As for our treatment strategies, we first adopted LWMH for anticoagulation based on the presence of low-risk APE and concomitant dual antiplatelet therapy for Leiche syndrome and possible AMI. After thrombus dissolved, we switched to rivaroxaban for anticoagulation while reserving dual antiplatelet for confirmed acute myocardial infarction and Leriche syndrome. Not recognized by current guidelines mostly due to rare occurrences of concomitant APE and AMI, our anticoagulation and dual antiplatelet treatment regimen were indeed supported by individual clinical cases [25,26,27]. Luckily, our patient responded well to the treatment.
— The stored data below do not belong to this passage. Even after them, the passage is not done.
lemma cavity_network_antitone_subhomogeneous:
  "antitone_subhomogeneous (arcs E) (scaled_cavity_op t E mu)"
proof
  show "finite (arcs E)" by (rule finite_arcs[OF g])
  fix x assume x: "x \<in> nonneg_supported (arcs E)"
  show "scaled_cavity_op t E mu x \<in> nonneg_supported (arcs E)" by (rule cavity_op_closed[OF x])
  show "0 < scaled_cavity_op t E mu x a" if "a \<in> arcs E" for a
    using cavity_op_pos[OF x] that by (cases a) simp
  show "scaled_cavity_op t E mu y \<le> scaled_cavity_op t E mu x" if "x \<le> y" for y
    by (rule cavity_op_antitone[OF x that])
  show "(\<lambda>k. scaled_cavity_op t E mu (xs k) a) \<longlonglongrightarrow> scaled_cavity_op t E mu x a"
    if "\<And>a. (\<lambda>k. xs k a) \<longlonglongrightarrow> x a" for xs a
    by (rule cavity_op_continuous[OF x that])
  show "scaled_cavity_op t E mu x a < lam * scaled_cavity_op t E mu (\<lambda>b. lam * x b) a"
    if "\<forall>a\<in>arcs E. 0 < x a" "1 < lam" "a \<in> arcs E" for lam a
    using cavity_op_subhomogeneous[OF that(1,2)] that(3) by (cases a) simp
qed

end

theorem mainTheorem4:
  fixes V :: "'v set" and E :: "'v set set" and mu :: "'v \<Rightarrow> 'v set set \<Rightarrow> real" and t :: real
  assumes "finite_simple_graph V E"
    and "\<forall>i\<in>V. cavity_monotone (mu i) (incident E i)"
    and "t > 0"
  shows "\<exists>x. x \<in> configs E \<and> x = scaled_cavity_op t E mu x
           \<and> (\<forall>y\<in>configs E. y = scaled_cavity_op t E mu y \<longrightarrow> y = x)
           \<and> (\<forall>x0\<in>configs E. \<forall>a.
                (\<lambda>k. ((scaled_cavity_op t E mu) ^^ k) x0 a) \<longlonglongrightarrow> x a)"
proof -
  interpret antitone_subhomogeneous "arcs E" "scaled_cavity_op t E mu"
    by (rule cavity_network_antitone_subhomogeneous[OF assms])
  show ?thesis using unique_attracting_fixed_point unfolding configs_eq .
qed

end
lemma words_eq_pal_prefix_free_Un:
  "words \<Sigma> n = pal_prefix_free_words \<Sigma> n \<union>
     (\<lambda>(a, b). a @ b) ` (\<Union>j\<in>{1..n div 2}. prime_pals \<Sigma> j \<times> words \<Sigma> (n - 2 * j))"
    (is "_ = _ \<union> ?R")
proof
  show "words \<Sigma> n \<subseteq> pal_prefix_free_words \<Sigma> n \<union> ?R"
  proof
    fix x assume x: "x \<in> words \<Sigma> n"
    show "x \<in> pal_prefix_free_words \<Sigma> n \<union> ?R"
    proof (cases "x \<in> pal_prefix_free_words \<Sigma> n")
      case False
      then obtain q where "prefix q x" "even_pal q"
        using x by (auto simp: pal_prefix_free_words_def)
      then obtain P where P: "prime_pal P" "prefix P x"
        using even_pal_prefix_imp_prime_pal_prefix by blast
      then obtain s where s: "x = P @ s" by (auto simp: prefix_def)
      obtain j where j: "length P = 2 * j" "j \<noteq> 0"
        using P(1) unfolding prime_pal_def even_pal_iff by (metis evenE length_0_conv mult_0_right)
      have "j \<in> {1..n div 2}" "P \<in> prime_pals \<Sigma> j" "s \<in> words \<Sigma> (n - 2 * j)"
        using x s j P(1) by (auto simp: prime_pals_def mem_words)
      then show ?thesis using s by force
    qed simp
  qed
next
  show "pal_prefix_free_words \<Sigma> n \<union> ?R \<subseteq> words \<Sigma> n"
    by (auto simp: pal_prefix_free_words_def prime_pals_def mem_words)
qed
So in all, Acute pulmonary embolism could occur concomitantly with acute myocardial infarction. Failure to identify this combination might lead to disastrous consequences. Leriche syndrome is a rare variant of atherosclerothrombotic occlusive disease characterized by total occlusion of the abdominal aorta and/or both iliac arteries. The coexistence of acute pulmonary embolism, acute myocardial infarction, and Leriche syndrome was reported for the first time.